CHALLENGE 1 – Count the Pipe
The first challenge was presented by Mark Matalik, a senior advising drilling engineer at Devon. The challenge was to count the drilling and well casing pipe stacked up at the drilling site. Before drilling begins, the drillers know how much drilling pipe has been delivered to the well site. One way to verify how much pipe has gone “downhole” is to count the remaining pipe stacked at the drilling site. Currently, two experienced employees hand-count the remaining pipe, comparing it to each other to come up with the amount of pipe left at the drilling site. This tells engineers how deep the well has been drilled.
Devon was hoping to find a faster, more accurate way to “count the pipe” by developing software that runs on a smartphone. A user would snap a picture of the stack of pipe and software would analyze the photo to determine how much pipe was left at the site.
CHALLENGE 2 – Is the Well “ON” or “OFF”
The second challenge was explained by Travis Stephenson, advising production engineer for Devon. The challenge seemed simple – to determine, real-time, whether a well was “online” or “offline.”
“Devon has over 8,000 wells and we get a constant stream of real-time data from these wells,” explained Stephenson. “There are a lot of factors that can determine if a well is producing or not. It can be oil or gas flow, noxious gas that makes the well dangerous, electrical problems, equipment failure, you name it. We need a simple, graphical way to determine if a well is producing or is offline. And we need to know what is happening now, not what happened two weeks ago.”
The Teams
Each Hackathon team consisted of 5 people.
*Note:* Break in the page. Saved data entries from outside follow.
lemma phi_drift:
  "(\<Sum>e\<in>UNIV. phi (apply_event x e j) * prob {\<omega>\<in>space M. fired_at x k \<omega> = e})
    + (if x j = 0 then empty_gain else 0) \<le> phi (x j)"
proof -
  define pa where "pa = prob {\<omega>\<in>space M. fired_at x k \<omega> = Inl j}"
  define pb where "pb = prob {\<omega>\<in>space M. fired_at x k \<omega> = Inr j}"
  have sum_eq: "(\<Sum>e\<in>UNIV. phi (apply_event x e j) * prob {\<omega>\<in>space M. fired_at x k \<omega> = e})
      = phi (x j) - decr (Suc (x j)) * pa + (phi (x j - 1) - phi (x j)) * pb"
    unfolding fired_sum_coordinate pa_def pb_def by (simp add: phi_Suc algebra_simps)
  have pa_ge: "lam j / total_rate x \<le> pa"
    using fired_prob_lower[OF arrival_active, of x j k] by (simp add: pa_def ev_rate_def)
  show ?thesis
  proof (cases "x j = 0")
    case True
    have "lam j / (real CARD('n + 'n) * R) \<le> lam j / total_rate x"
      using total_rate_le[OF rate_le_R, of x] total_rate_pos[of x] lam_pos[of j] R_pos
      by (intro divide_left_mono) auto
    then have "lam j / (real CARD('n + 'n) * R) \<le> pa" using pa_ge by linarith
    then have "empty_gain \<le> pa * decr 1"
      unfolding empty_gain_def using decr_pos[of 1] by (intro mult_right_mono) auto
    then show ?thesis using True by (simp add: sum_eq mult.commute)
  next
    case False
    then obtain y where y: "x j = Suc y" by (cases "x j") auto
    have "decr (Suc y) * pb \<le> decr (Suc (Suc y)) * pa"
    proof (cases "Inr j \<in> active x")
      case True
      have "decr (Suc y) * pb \<le> decr (Suc y) * (mu j x / total_rate x)"
        using fired_prob_upper[OF True, of k] decr_pos[of "Suc y"] y
        by (intro mult_left_mono) (auto simp: pb_def ev_rate_def)
      also have "\<dots> = (mu j x * decr (Suc y)) / total_rate x" by simp
      also have "\<dots> \<le> (lam j * decr (Suc (Suc y))) / total_rate x"
        using decr_balance[of "mu j x" "Suc y"] y mu_le_B[of x] mu_le_c[of x] mu_nonneg[of j x] total_rate_pos[of x]
        by (intro divide_right_mono) auto
      also have "\<dots> = (lam j / total_rate x) * decr (Suc (Suc y))" by simp
      also have "\<dots> \<le> pa * decr (Suc (Suc y))"
        using pa_ge decr_pos[of "Suc (Suc y)"] by (intro mult_right_mono) auto
      finally show ?thesis by (simp add: mult.commute)
    next
      case False
      then have "pb = 0" by (simp add: pb_def fired_prob_inactive)
      then show ?thesis using decr_pos[of "Suc (Suc y)"] by (simp add: pa_def)
    qed
    then show ?thesis using y by (simp add: sum_eq phi_Suc algebra_simps)
  qed
qed
lemma PsiInt_difference_quotient:
  assumes "c > 0" "admissible z1 z2" "0 \<le> lam" "0 \<le> mu" "mu \<noteq> lam"
  shows "(PsiInt c z1 z2 mu - PsiInt c z1 z2 lam) /\<^sub>R (mu - lam) = (\<integral>w. Psi_slope c z1 z2 lam mu w \<partial>lborel)"
proof -
  have "(PsiInt c z1 z2 mu - PsiInt c z1 z2 lam) /\<^sub>R (mu - lam)
      = (\<integral>w. (Psi c z1 z2 mu w - Psi c z1 z2 lam w) /\<^sub>R (mu - lam) \<partial>lborel)"
    unfolding PsiInt_def using assms by (simp add: integrable_Psi)
  also have "\<dots> = (\<integral>w. Psi_slope c z1 z2 lam mu w \<partial>lborel)"
    using assms by (intro Bochner_Integration.integral_cong) (auto simp: Psi_slope_eq admissible_def)
  finally show ?thesis .
qed
lemma Sset_third_vertex:
  assumes fin: "finite G"
    and S3: "3 \<le> card (Sset G f g)"
    and uv: "(u, v) \<in> Sset G f g" and v: "0 < dist_at G f g v"
    and min: "\<And>a b. (a, b) \<in> Sset G f g \<Longrightarrow>
      dist_at G f g u + dist_at G f g v \<le> dist_at G f g a + dist_at G f g b"
  obtains z where "z \<in> Kset G f g - Hset G f g" "z \<noteq> u" "z \<noteq> v"
    "dist_at G f g u + dist_at G f g v < dist_at G f g z + qval (card G)"
proof -
  let ?x = "dist_at G f g" and ?S = "Sset G f g"
  have "\<not> ?S \<subseteq> {(u, v), (v, u)}"
  proof
    assume "?S \<subseteq> {(u, v), (v, u)}"
    then have "card ?S \<le> card {(u, v), (v, u)}"
      by (rule card_mono[rotated]) simp
    also have "\<dots> \<le> 2"
      by (rule card_insert_le_m1) simp_all
    finally show False
      using S3 by simp
  qed
  then obtain w y where wy: "(w, y) \<in> ?S" "(w, y) \<noteq> (u, v)" "(w, y) \<noteq> (v, u)"
    by fast
  have u: "0 < ?x u"
    by (rule Sset_fst_dist_at_pos[OF fin uv])
  have w: "0 < ?x w"
    by (rule Sset_fst_dist_at_pos[OF fin wy(1)])
  note w_facts = Sset_memD[OF wy(1)]
  have min_wy: "?x u + ?x v \<le> ?x w + ?x y"
    by (rule min[OF wy(1)])
  have bound: "?x u + ?x v < ?x w + qval (card G)" "?x u + ?x v < ?x y + qval (card G)"
    using min_wy dist_at_less_qval_if_in_Kset[OF w_facts(1)]
      dist_at_less_qval_if_in_Kset[OF w_facts(2)] by linarith+
  show ?thesis
  proof (cases "w = u \<or> w = v")
    case True
    then have "y \<noteq> u" "y \<noteq> v"
      using wy(2,3) w_facts(3) by auto
    moreover have "0 < ?x y"
      using True min_wy u v by auto
    ultimately show ?thesis
      using that[of y] w_facts(2) bound(2) notin_Hset_if_dist_at_pos[of G f g y] by blast
  next
    case False
    then show ?thesis
      using that[of w] w_facts(1) w bound(1) notin_Hset_if_dist_at_pos[of G f g w] by blast
  qed
qed

lemma Sset_ex_min_pair:
  assumes "finite G" "Sset G f g \<noteq> {}"
  obtains u v where "(u, v) \<in> Sset G f g"
    "\<And>a b. (a, b) \<in> Sset G f g \<Longrightarrow>
      dist_at G f g u + dist_at G f g v \<le> dist_at G f g a + dist_at G f g b"
proof -
  let ?x = "dist_at G f g" and ?S = "Sset G f g"
  have "?S \<subseteq> G \<times> G"
    by (auto dest: Sset_memD)
  then have "finite ?S"
    using assms(1) finite_subset by blast
  then obtain p where "is_arg_min (\<lambda>(a, b). ?x a + ?x b) (\<lambda>p. p \<in> ?S) p"
    using ex_is_arg_min_if_finite assms(2) by blast
  then show ?thesis
    using that by (cases p) (fastforce simp: is_arg_min_def not_less)
qed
Team members didn’t all have to be programmers, but the intent of the exercise was to develop software, so most participants were coders or database administrators. Teams consisted not only of Devon employees. Companies such as Heartland Payment Systems and Baker Hughes Drilling were also represented. Accenture even sent a team all the way from India to participate.

The Data
Devon provided actual data and photographs from producing wells for the teams to utilize in their development. Microsoft provided free access to its Azure cloud to process the data. Other partners such as Hashmap and Palo Alto provided lunch, refreshments, and sponsorship.
Science Fair
On Wednesday morning, after two days of planning, analyzing and coding, teams prepared presentations to demonstrate their solutions to judges. Set up like a science fair, Devon employees visited the exhibits, heard the presentations for each team and voted on the winners.
A Halloween-appropriate team named “Dead2TheWorld” won first place by designing an application to capture and store employee and training certification information in a database. Dispatch personnel could geo-locate qualified personnel closest to the well site with the necessary qualifications to tackle the problem and dispatch the employee by sending a message from the dispatch computer to the end user’s mobile phone. This solution replaced huge Excel spreadsheets and hundreds of pages of paperwork for each trained employee, allowing dispatchers to quickly see who was near a well with the proper training to solve the issue, thereby saving Devon time and money.

The Results
“I love seeing how talented teams of people, when given enough time to focus solely on a problem, can come up with innovative solutions. While we may not directly use the code generated from this exercise, we will use the ideas as a jumping-off point for our own efforts,” explains Lowe. “Business is different today than 5 years ago. The data we have today is much cleaner than what we had then. We need to make better use of today’s technology to make better decisions.”